◆ What is expected
Could you give every record again, exactly as it reads?

(Saved data entries)
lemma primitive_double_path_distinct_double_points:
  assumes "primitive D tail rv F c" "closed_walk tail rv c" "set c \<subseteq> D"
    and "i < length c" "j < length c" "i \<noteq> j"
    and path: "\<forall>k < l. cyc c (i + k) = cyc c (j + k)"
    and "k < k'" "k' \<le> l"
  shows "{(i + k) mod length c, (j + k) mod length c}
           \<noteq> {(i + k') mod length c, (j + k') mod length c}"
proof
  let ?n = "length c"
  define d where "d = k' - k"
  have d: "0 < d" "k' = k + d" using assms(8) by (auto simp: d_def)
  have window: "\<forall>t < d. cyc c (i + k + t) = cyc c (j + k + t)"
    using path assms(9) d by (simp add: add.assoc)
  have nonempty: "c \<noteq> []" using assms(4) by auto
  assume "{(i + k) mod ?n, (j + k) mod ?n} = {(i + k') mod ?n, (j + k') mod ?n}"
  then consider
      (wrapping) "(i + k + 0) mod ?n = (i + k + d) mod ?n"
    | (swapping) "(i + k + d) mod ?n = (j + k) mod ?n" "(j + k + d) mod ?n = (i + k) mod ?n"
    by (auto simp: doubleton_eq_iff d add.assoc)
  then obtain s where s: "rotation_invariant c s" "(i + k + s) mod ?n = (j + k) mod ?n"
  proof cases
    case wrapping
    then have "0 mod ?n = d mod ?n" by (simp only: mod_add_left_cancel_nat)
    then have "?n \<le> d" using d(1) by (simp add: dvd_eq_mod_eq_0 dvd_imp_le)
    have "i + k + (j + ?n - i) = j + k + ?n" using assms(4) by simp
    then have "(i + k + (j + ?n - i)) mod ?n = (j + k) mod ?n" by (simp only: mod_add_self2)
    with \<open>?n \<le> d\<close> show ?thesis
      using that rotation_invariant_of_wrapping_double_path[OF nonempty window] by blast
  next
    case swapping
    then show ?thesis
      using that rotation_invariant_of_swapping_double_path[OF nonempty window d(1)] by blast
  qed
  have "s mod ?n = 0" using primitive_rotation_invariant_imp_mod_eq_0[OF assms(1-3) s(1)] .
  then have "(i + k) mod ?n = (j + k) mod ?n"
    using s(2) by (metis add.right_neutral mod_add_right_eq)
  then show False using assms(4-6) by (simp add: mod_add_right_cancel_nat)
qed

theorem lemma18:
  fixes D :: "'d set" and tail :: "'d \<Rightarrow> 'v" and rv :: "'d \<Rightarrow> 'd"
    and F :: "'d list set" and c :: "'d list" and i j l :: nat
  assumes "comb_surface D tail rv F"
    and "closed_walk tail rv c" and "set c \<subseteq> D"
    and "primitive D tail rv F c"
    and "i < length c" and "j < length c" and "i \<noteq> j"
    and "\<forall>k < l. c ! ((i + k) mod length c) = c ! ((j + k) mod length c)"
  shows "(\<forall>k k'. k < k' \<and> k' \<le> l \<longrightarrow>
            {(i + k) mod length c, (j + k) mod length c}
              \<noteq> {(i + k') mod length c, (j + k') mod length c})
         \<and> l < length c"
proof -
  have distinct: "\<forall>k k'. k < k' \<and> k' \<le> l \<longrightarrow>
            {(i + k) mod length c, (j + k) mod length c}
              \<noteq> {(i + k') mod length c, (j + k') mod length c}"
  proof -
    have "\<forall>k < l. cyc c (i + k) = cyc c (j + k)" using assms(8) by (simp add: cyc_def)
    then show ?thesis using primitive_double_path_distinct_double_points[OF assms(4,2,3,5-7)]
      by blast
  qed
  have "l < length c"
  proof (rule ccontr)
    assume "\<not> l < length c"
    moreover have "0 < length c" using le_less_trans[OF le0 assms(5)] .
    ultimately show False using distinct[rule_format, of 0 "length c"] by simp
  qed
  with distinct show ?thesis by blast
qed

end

◆ Worked solution
lemma primitive_double_path_distinct_double_points:
  assumes "primitive D tail rv F c" "closed_walk tail rv c" "set c \<subseteq> D"
    and "i < length c" "j < length c" "i \<noteq> j"
    and path: "\<forall>k < l. cyc c (i + k) = cyc c (j + k)"
    and "k < k'" "k' \<le> l"
  shows "{(i + k) mod length c, (j + k) mod length c}
           \<noteq> {(i + k') mod length c, (j + k') mod length c}"
proof
  let ?n = "length c"
  define d where "d = k' - k"
  have d: "0 < d" "k' = k + d" using assms(8) by (auto simp: d_def)
  have window: "\<forall>t < d. cyc c (i + k + t) = cyc c (j + k + t)"
    using path assms(9) d by (simp add: add.assoc)
  have nonempty: "c \<noteq> []" using assms(4) by auto
  assume "{(i + k) mod ?n, (j + k) mod ?n} = {(i + k') mod ?n, (j + k') mod ?n}"
  then consider
      (wrapping) "(i + k + 0) mod ?n = (i + k + d) mod ?n"
    | (swapping) "(i + k + d) mod ?n = (j + k) mod ?n" "(j + k + d) mod ?n = (i + k) mod ?n"
    by (auto simp: doubleton_eq_iff d add.assoc)
  then obtain s where s: "rotation_invariant c s" "(i + k + s) mod ?n = (j + k) mod ?n"
  proof cases
    case wrapping
    then have "0 mod ?n = d mod ?n" by (simp only: mod_add_left_cancel_nat)
    then have "?n \<le> d" using d(1) by (simp add: dvd_eq_mod_eq_0 dvd_imp_le)
    have "i + k + (j + ?n - i) = j + k + ?n" using assms(4) by simp
    then have "(i + k + (j + ?n - i)) mod ?n = (j + k) mod ?n" by (simp only: mod_add_self2)
    with \<open>?n \<le> d\<close> show ?thesis
      using that rotation_invariant_of_wrapping_double_path[OF nonempty window] by blast
  next
    case swapping
    then show ?thesis
      using that rotation_invariant_of_swapping_double_path[OF nonempty window d(1)] by blast
  qed
  have "s mod ?n = 0" using primitive_rotation_invariant_imp_mod_eq_0[OF assms(1-3) s(1)] .
  then have "(i + k) mod ?n = (j + k) mod ?n"
    using s(2) by (metis add.right_neutral mod_add_right_eq)
  then show False using assms(4-6) by (simp add: mod_add_right_cancel_nat)
qed

theorem lemma18:
  fixes D :: "'d set" and tail :: "'d \<Rightarrow> 'v" and rv :: "'d \<Rightarrow> 'd"
    and F :: "'d list set" and c :: "'d list" and i j l :: nat
  assumes "comb_surface D tail rv F"
    and "closed_walk tail rv c" and "set c \<subseteq> D"
    and "primitive D tail rv F c"
    and "i < length c" and "j < length c" and "i \<noteq> j"
    and "\<forall>k < l. c ! ((i + k) mod length c) = c ! ((j + k) mod length c)"
  shows "(\<forall>k k'. k < k' \<and> k' \<le> l \<longrightarrow>
            {(i + k) mod length c, (j + k) mod length c}
              \<noteq> {(i + k') mod length c, (j + k') mod length c})
         \<and> l < length c"
proof -
  have distinct: "\<forall>k k'. k < k' \<and> k' \<le> l \<longrightarrow>
            {(i + k) mod length c, (j + k) mod length c}
              \<noteq> {(i + k') mod length c, (j + k') mod length c}"
  proof -
    have "\<forall>k < l. cyc c (i + k) = cyc c (j + k)" using assms(8) by (simp add: cyc_def)
    then show ?thesis using primitive_double_path_distinct_double_points[OF assms(4,2,3,5-7)]
      by blast
  qed
  have "l < length c"
  proof (rule ccontr)
    assume "\<not> l < length c"
    moreover have "0 < length c" using le_less_trans[OF le0 assms(5)] .
    ultimately show False using distinct[rule_format, of 0 "length c"] by simp
  qed
  with distinct show ?thesis by blast
qed

end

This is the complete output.